Concluindo, tudo que posso dizer deste dia é que o venci (é importante enfatizar isto), não me senti péssima por ser deste jeito (no fim das contas senti orgulho de me comportar desta maneira ao ver a situação de outras pessoas) e pude perceber que estar sóbria é a melhor coisa para você não se comprometer nem se tornar uma pessoa cansativa-às-pampas-por-estar-bêbada.

This is it (isto é tudo), queridos!

Da falta de satisfação em relação a certos objetivos

0
COM


Imaginem só uma pessoa que está com uma sede incessante de colocar sua opinião para o mundo inteiro ouvir, ser impedida de acessar a Internet devido a um problema no proxy? Pois sim, é isso mesmo que está acontecendo comigo (mas assim que voltar a Internet estarei postando este texto).
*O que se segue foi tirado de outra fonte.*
definition gB :: "real^('s::finite \<times> 'u::finite) \<Rightarrow> real^'s^('s \<times> 'u) \<Rightarrow> real
     \<Rightarrow> real^'d^('s \<times> 'u) \<Rightarrow> real^('s \<times> 'u) \<Rightarrow> real^'d \<Rightarrow> real^'d" where
  "gB R P \<gamma> Phi d th = transpose Phi *v (diagM d *v deltaB R P \<gamma> Phi th)"

definition Amu :: "real \<Rightarrow> real \<Rightarrow> real^'d^('s::finite \<times> 'u::finite) \<Rightarrow> real^('s \<times> 'u)
     \<Rightarrow> real^'s^('s \<times> 'u) \<Rightarrow> ('s \<Rightarrow> 'u \<Rightarrow> real) \<Rightarrow> real^'d^'d" where
  "Amu \<alpha> \<gamma> Phi d P mu = mat 1 - \<alpha> *\<^sub>R (transpose Phi ** diagM d ** Phi)
      + (\<alpha> * \<gamma>) *\<^sub>R (transpose Phi ** diagM d ** P ** PiM mu ** Phi)"

(* joint spectral radius over deterministic stationary policies:
   lim_k max_{pi_1..pi_k} ||A_{pi_k} ... A_{pi_1}||^(1/k), k \<ge> 1
   (any matrix norm gives the same value; we use the norm of real^'d^'d) *)
definition rho_dir :: "real \<Rightarrow> real \<Rightarrow> real^'d::finite^('s::finite \<times> 'u::finite) \<Rightarrow> real^('s \<times> 'u)
     \<Rightarrow> real^'s^('s \<times> 'u) \<Rightarrow> real" where
  "rho_dir \<alpha> \<gamma> Phi d P =
     lim (\<lambda>k. Max ((\<lambda>ps. norm (foldr (\<lambda>pol M. Amu \<alpha> \<gamma> Phi d P (det_policy pol) ** M) ps (mat 1)))
                     ` {ps :: ('s \<Rightarrow> 'u) list. length ps = Suc k}) powr (1 / real (Suc k)))"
Mas vamos ao que interessa, já que não há meu nome escrito aqui e ninguém sabe quem realmente eu sou, um “dane-se pessoas envolvidas” vai bem a calhar nesse momento (vou contar tudo mesmo).

Como poucos sabem (talvez ninguém aqui saiba), eu sou presidente de um grupo de jovens. E nesta sexta-feira eu pude testemunhar um dos momentos onde mais fui posta à prova e que entrou para a lista dos dias mais traumatizantes desta minha tenra vida.
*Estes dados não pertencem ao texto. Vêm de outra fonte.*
(* Let $n\ge 3$. Every instance of the $n^2$-puzzle is solvable: for the $n\times n$ grid graph $G=(V,E)$ with a set $R$ of $n^2$ robots and any bijections $x_I,x_G:R\to V$, there exists a collision-free set of feasible paths taking each robot $r$ from $x_I(r)$ to $x_G(r)$.
   Context: Let $\mathbb Z^+=\mathbb N\cup\{0\}$. A path for robot $r_i$ is a map $p_i:\mathbb Z^+\to V$; it is feasible if $p_i(0)=x_I(r_i)$, there is a smallest $k_i^{\min}$ with $p_i(k)=x_G(r_i)$ for all $k\ge k_i^{\min}$, and for $0\le k<k_i^{\min}$ either $(p_i(k),p_i(k+1))\in E$ or $p_i(k)=p_i(k+1)$. Two paths $p_i,p_j$ ($i\ne j$) collide if for some $k$, $p_i(k)=p_j(k)$ or $(p_i(k),p_i(k+1))=(p_j(k+1),p_j(k))$. Multiple robots may move in the same time step. *)

theory Defs
  imports Main
begin

definition grid_V :: "nat \<Rightarrow> (nat \<times> nat) set" where
  "grid_V n = {0..<n} \<times> {0..<n}"

text \<open>Directed edge set of the (undirected) grid graph: both orientations of each
  edge are included; two cells are adjacent iff they differ by 1 in exactly one coordinate.\<close>
definition grid_E :: "nat \<Rightarrow> ((nat \<times> nat) \<times> (nat \<times> nat)) set" where
  "grid_E n = {((a,b),(c,d)). (a,b) \<in> grid_V n \<and> (c,d) \<in> grid_V n \<and>
      ((a = c \<and> (b = d + 1 \<or> d = b + 1)) \<or> (b = d \<and> (a = c + 1 \<or> c = a + 1)))}"

definition feasible_path :: "('v \<times> 'v) set \<Rightarrow> 'v \<Rightarrow> 'v \<Rightarrow> (nat \<Rightarrow> 'v) \<Rightarrow> bool" where
  "feasible_path E s g p \<longleftrightarrow>
     p 0 = s \<and>
     (\<exists>kmin. (\<forall>k\<ge>kmin. p k = g) \<and>
             (\<forall>k<kmin. (p k, p (Suc k)) \<in> E \<or> p k = p (Suc k)))"

definition collide :: "(nat \<Rightarrow> 'v) \<Rightarrow> (nat \<Rightarrow> 'v) \<Rightarrow> bool" where
  "collide p q \<longleftrightarrow> (\<exists>k. p k = q k \<or> (p k, p (Suc k)) = (q (Suc k), q k))"

end

theory Submission
  imports Defs "HOL-Library.Product_Plus" "HOL-Combinatorics.Permutations"
begin

text \<open>
  Rotating the four robots on a 2x2 square of the grid by a quarter turn is a legal time step:
  every robot moves along an edge, and no two robots exchange places.  Inside a 3x3 block
  (this is where \<open>n \<ge> 3\<close> is needed) every transposition of two adjacent cells is a product of
  such rotations; translating the block and using the symmetry of the grid in the diagonal, every
  adjacent transposition of the \<open>n \<times> n\<close> grid is one, hence so is every permutation of its cells.
  Performing the rotations one per time step moves every robot to its goal without collisions.
\<close>

subsection \<open>Permutations realised by collision-free moves\<close>

definition valid_move :: "('v \<times> 'v) set \<Rightarrow> ('v \<Rightarrow> 'v) \<Rightarrow> bool" where
  "valid_move E \<sigma> \<longleftrightarrow> inj \<sigma> \<and> (\<forall>v. \<sigma> v = v \<or> (v, \<sigma> v) \<in> E) \<and>
     (\<forall>v. \<sigma> v \<noteq> v \<longrightarrow> \<sigma> (\<sigma> v) \<noteq> v)"

inductive achievable :: "('v \<times> 'v) set \<Rightarrow> ('v \<Rightarrow> 'v) \<Rightarrow> bool" for E where
  achievable_id: "achievable E id"
| achievable_step: "valid_move E \<sigma> \<Longrightarrow> achievable E \<pi> \<Longrightarrow> achievable E (\<sigma> \<circ> \<pi>)"

lemma achievable_comp: "achievable E \<rho> \<Longrightarrow> achievable E \<pi> \<Longrightarrow> achievable E (\<rho> \<circ> \<pi>)"
  by (induction rule: achievable.induct) (auto simp: comp_assoc intro: achievable.intros)

lemma valid_move_conj_involution:
  assumes inv: "\<And>v. f (f v) = v" and edge: "\<And>u v. (u, v) \<in> E \<Longrightarrow> (f u, f v) \<in> E"
    and "valid_move E \<sigma>"
  shows "valid_move E (f \<circ> \<sigma> \<circ> f)"
proof -
  have "inj f" by (metis inv injI)
  with assms(3) have "inj (f \<circ> \<sigma> \<circ> f)" by (simp add: valid_move_def inj_compose)
  moreover have "f (\<sigma> (f v)) = v \<or> (v, f (\<sigma> (f v))) \<in> E" for v
    using assms(3) edge[of "f v" "\<sigma> (f v)"] inv unfolding valid_move_def by metis
  moreover have "f (\<sigma> (f (f (\<sigma> (f v))))) \<noteq> v" if "f (\<sigma> (f v)) \<noteq> v" for v
    using assms(3) that inv unfolding valid_move_def by metis
  ultimately show ?thesis by (simp add: valid_move_def)
qed

lemma achievable_conj_involution:
  assumes "\<And>v. f (f v) = v" and "\<And>u v. (u, v) \<in> E \<Longrightarrow> (f u, f v) \<in> E"
    and "achievable E \<pi>"
  shows "achievable E (f \<circ> \<pi> \<circ> f)"
  using assms(3)
proof (induction rule: achievable.induct)
  case achievable_id
  have "f \<circ> id \<circ> f = id" using assms(1) by (simp add: fun_eq_iff)
  then show ?case by (metis achievable.achievable_id)
next
  case (achievable_step \<sigma> \<pi>)
  have "f \<circ> (\<sigma> \<circ> \<pi>) \<circ> f = (f \<circ> \<sigma> \<circ> f) \<circ> (f \<circ> \<pi> \<circ> f)"
    using assms(1) by (simp add: fun_eq_iff)
  with achievable_step valid_move_conj_involution[OF assms(1,2)] show ?case
    by (metis achievable.achievable_step)
qed

lemma achievable_transpose_trans:
  assumes "achievable E (Transposition.transpose a b)" "achievable E (Transposition.transpose b c)"
    and "a \<noteq> c"
  shows "achievable E (Transposition.transpose a c)"
proof (cases "a = b")
  case False
  then have "Transposition.transpose b c \<circ> Transposition.transpose a b \<circ> Transposition.transpose b c
      = Transposition.transpose a c"
    using assms(3) transpose_comp_triple[of c a b] by (simp add: transpose_commute)
  with assms(1,2) achievable_comp show ?thesis by metis
qed (use assms(2) in simp)

fun run :: "(nat \<Rightarrow> 'v \<Rightarrow> 'v) \<Rightarrow> nat \<Rightarrow> 'v \<Rightarrow> 'v" where
  "run s 0 = id"
| "run s (Suc k) = s k \<circ> run s k"

lemma run_cong: "(\<And>k. k < m \<Longrightarrow> s k = s' k) \<Longrightarrow> k \<le> m \<Longrightarrow> run s k = run s' k"
  by (induction k) auto

lemma run_stable:
  assumes "\<And>k. k \<ge> m \<Longrightarrow> s k = id" and "k \<ge> m"
  shows "run s k = run s m"
  using assms(2) by (induction k rule: dec_induct) (simp_all add: assms(1))

lemma achievable_imp_schedule:
  "achievable E \<pi> \<Longrightarrow> \<exists>s m. (\<forall>k. valid_move E (s k)) \<and> (\<forall>k\<ge>m. s k = id) \<and> run s m = \<pi>"
proof (induction rule: achievable.induct)
  case achievable_id
  show ?case
    by (rule exI[of _ "\<lambda>_. id"], rule exI[of _ 0]) (auto simp: valid_move_def)
next
  case (achievable_step \<sigma> \<pi>)
  then obtain s m where s: "\<forall>k. valid_move E (s k)" "\<forall>k\<ge>m. s k = id" "run s m = \<pi>"
    by blast
  define s' where "s' = s(m := \<sigma>)"
  have "run s' m = run s m" by (rule run_cong[where m = m]) (auto simp: s'_def)
  with s achievable_step(1) have "run s' (Suc m) = \<sigma> \<circ> \<pi>" "\<forall>k. valid_move E (s' k)"
    "\<forall>k\<ge>Suc m. s' k = id"
    by (auto simp: s'_def)
  then show ?case by blast
qed

lemma achievable_imp_motion_plan:
  assumes "achievable E \<pi>"
  shows "\<exists>p. (\<forall>v. feasible_path E v (\<pi> v) (p v)) \<and> (\<forall>u v. u \<noteq> v \<longrightarrow> \<not> collide (p u) (p v))"
proof -
  obtain s m where s: "\<And>k. valid_move E (s k)" "\<And>k. k \<ge> m \<Longrightarrow> s k = id" "run s m = \<pi>"
    using achievable_imp_schedule[OF assms] by blast
  define p where "p v k = run s k v" for v k
  have step: "p v (Suc k) = s k (p v k)" for v k by (simp add: p_def)
  have "feasible_path E v (\<pi> v) (p v)" for v
    unfolding feasible_path_def
  proof (intro conjI exI[of _ m] allI impI)
    show "p v 0 = v" by (simp add: p_def)
    show "p v k = \<pi> v" if "k \<ge> m" for k
      using run_stable[OF s(2) that] s(3) by (simp add: p_def)
    show "(p v k, p v (Suc k)) \<in> E \<or> p v k = p v (Suc k)" for k
      using s(1)[of k] unfolding step valid_move_def by metis
  qed
  moreover have "\<not> collide (p u) (p v)" if "u \<noteq> v" for u v
  proof
    assume "collide (p u) (p v)"
    then obtain k where k: "p u k = p v k \<or> (p u k, p u (Suc k)) = (p v (Suc k), p v k)"
      by (auto simp: collide_def)
    have "inj (run s k)"
    proof (induction k)
      case (Suc k)
      show ?case unfolding run.simps
        by (rule inj_compose) (use s(1)[of k] Suc in \<open>simp_all add: valid_move_def\<close>)
    qed simp
    then have distinct: "p u k \<noteq> p v k" using that by (auto simp: p_def inj_eq)
    with k have "s k (s k (p u k)) = p u k" "s k (p u k) \<noteq> p u k"
      by (auto simp: step)
    with s(1)[of k] show False by (auto simp: valid_move_def)
  qed
  ultimately show ?thesis by blast
qed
Ocorreu que durante algumas semanas estive me dedicando a montar uma agenda com diversas iniciativas e ideias afim de motivar mais os jovens de nosso grupo. E o que foi que recebi como resposta? Alguns adultos vetando, negando e tratando minhas ideias como se fossem infundadas. E sabe o que mais me incomodou? Foi o fato de ver dois jovens extremamente desorganizados sugerirem ideias absurdas e criticar avidamente as minhas.

Não é pretensão nenhuma da minha parte, pois o vice presidente estava me apoiando, partilhávamos das mesmas ideias.

E foi naquele exato momento em que cheguei a algumas tristes conclusões. A primeira delas é que o grupo nunca irá mudar enquanto continuar com tios e jovens de cabeça demasiadamente limitadas; a segunda é que não adianta você gastar toda a sua energia buscando inovar em um grupo que tem suas estruturas totalmente engessadas (na verdade, o grupo tem uma flexibilidade), mas infelizmente as pessoas não sabem interpretar nada que contém em suas diretrizes. E a terceira e última conclusão que chego é que você não pode contar com ninguém, a não ser Deus, pois os humanos estão sempre prontos para te decepcionar e falhar com você.

Depois de chegar a estas tristes conclusões, percebo que não há muito o que fazer. Não adianta eu me desgastar discutindo, criando debates, nos quais apenas vai me levar ao uso de antidepressivos novamente. Outra questão que me leva a uma grande frustração pessoal é que, eu sempre ouvi algumas pessoas motivadas falarem que, cada um de nós deve revolucionar o mundo. Queria começar por ali, algo pequeno mas que poderia fazer a diferença, mas pelo que eu vejo, não sou capaz de fazer isso.

Ser capaz ou não ser capaz? Eis a questão. Mas a grande verdade de tudo isso é que foi uma grande surpresa encarar essas dificuldades logo no início. Afinal, foi a primeira vez na minha vida que encarei esse desafio de presidência com positividade. Talvez seja isso, eu devia ter continuado sendo a mesma negativa que sempre fui.



Com carinho, aquela que adora desabafar nos finais de semana.